#### Data excerpts

lemma permutation_criterion_cases:
  fixes f h k :: "'a poly"
  assumes f: "over_subfieldq q f" and h: "over_subfieldq q h" and k: "over_subfieldq q k"
  defines "Q \<equiv> \<lambda>t. of_nat n * poly f t + poly h 1 * poly k t * t"
  shows "(gcd h (geometric_poly n) = 1 \<and> bij_betw Q (subfieldq q) (subfieldq q)) \<longleftrightarrow>
     (CHAR('a) dvd n \<and> gcd h ([:0, 1:] ^ n - 1) = 1 \<and>
        bij_betw (\<lambda>x. poly k x * x) (subfieldq q) (subfieldq q))
   \<or> (\<not> CHAR('a) dvd n \<and> gcd h ([:0, 1:] ^ n - 1) = [:-1, 1:] \<and>
        bij_betw (poly f) (subfieldq q) (subfieldq q))
   \<or> (\<not> CHAR('a) dvd n \<and> gcd h ([:0, 1:] ^ n - 1) = 1 \<and> bij_betw Q (subfieldq q) (subfieldq q))"
proof (cases "poly h 1 = 0")
  case False
  have "gcd h ([:0, 1:] ^ n - 1) = gcd h (geometric_poly n)"
    using False by (rule gcd_X_power_minus_1_eq)
  moreover have "gcd h ([:0, 1:] ^ n - 1) \<noteq> [:-1, 1:]"
    using False by (rule gcd_neq_linear_if_poly_1_neq_0)
  moreover note bij_betw_Q_degenerate(1)[OF f h k _ False]
  ultimately show ?thesis by (cases "CHAR('a) dvd n") (simp_all add: Q_def)
next
  case True
  have "gcd h ([:0, 1:] ^ n - 1) \<noteq> 1"
    using True by (rule gcd_neq_1_if_poly_1_eq_0) simp
  moreover have "gcd h (geometric_poly n) \<noteq> 1" if "CHAR('a) dvd n"
    using True that
    by (intro gcd_neq_1_if_poly_1_eq_0) (simp_all add: poly_geometric_poly_1 of_nat_eq_0_iff_char_dvd)
  moreover have "gcd h ([:0, 1:] ^ n - 1) = [:-1, 1:] \<longleftrightarrow> gcd h (geometric_poly n) = 1"
    if "\<not> CHAR('a) dvd n"
    using True that by (intro gcd_X_power_minus_1_eq_linear_iff) (simp_all add: of_nat_eq_0_iff_char_dvd)
  moreover note bij_betw_Q_degenerate(2)[OF f h k _ True]
  ultimately show ?thesis by (cases "CHAR('a) dvd n") (simp_all add: Q_def)
qed

end

end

########

What you need to do
Print the records above exactly. Omit nothing.

Solved problem
lemma permutation_criterion_cases:
  fixes f h k :: "'a poly"
  assumes f: "over_subfieldq q f" and h: "over_subfieldq q h" and k: "over_subfieldq q k"
  defines "Q \<equiv> \<lambda>t. of_nat n * poly f t + poly h 1 * poly k t * t"
  shows "(gcd h (geometric_poly n) = 1 \<and> bij_betw Q (subfieldq q) (subfieldq q)) \<longleftrightarrow>
     (CHAR('a) dvd n \<and> gcd h ([:0, 1:] ^ n - 1) = 1 \<and>
        bij_betw (\<lambda>x. poly k x * x) (subfieldq q) (subfieldq q))
   \<or> (\<not> CHAR('a) dvd n \<and> gcd h ([:0, 1:] ^ n - 1) = [:-1, 1:] \<and>
        bij_betw (poly f) (subfieldq q) (subfieldq q))
   \<or> (\<not> CHAR('a) dvd n \<and> gcd h ([:0, 1:] ^ n - 1) = 1 \<and> bij_betw Q (subfieldq q) (subfieldq q))"
proof (cases "poly h 1 = 0")
  case False
  have "gcd h ([:0, 1:] ^ n - 1) = gcd h (geometric_poly n)"
    using False by (rule gcd_X_power_minus_1_eq)
  moreover have "gcd h ([:0, 1:] ^ n - 1) \<noteq> [:-1, 1:]"
    using False by (rule gcd_neq_linear_if_poly_1_neq_0)
  moreover note bij_betw_Q_degenerate(1)[OF f h k _ False]
  ultimately show ?thesis by (cases "CHAR('a) dvd n") (simp_all add: Q_def)
next
  case True
  have "gcd h ([:0, 1:] ^ n - 1) \<noteq> 1"
    using True by (rule gcd_neq_1_if_poly_1_eq_0) simp
  moreover have "gcd h (geometric_poly n) \<noteq> 1" if "CHAR('a) dvd n"
    using True that
    by (intro gcd_neq_1_if_poly_1_eq_0) (simp_all add: poly_geometric_poly_1 of_nat_eq_0_iff_char_dvd)
  moreover have "gcd h ([:0, 1:] ^ n - 1) = [:-1, 1:] \<longleftrightarrow> gcd h (geometric_poly n) = 1"
    if "\<not> CHAR('a) dvd n"
    using True that by (intro gcd_X_power_minus_1_eq_linear_iff) (simp_all add: of_nat_eq_0_iff_char_dvd)
  moreover note bij_betw_Q_degenerate(2)[OF f h k _ True]
  ultimately show ?thesis by (cases "CHAR('a) dvd n") (simp_all add: Q_def)
qed

end

end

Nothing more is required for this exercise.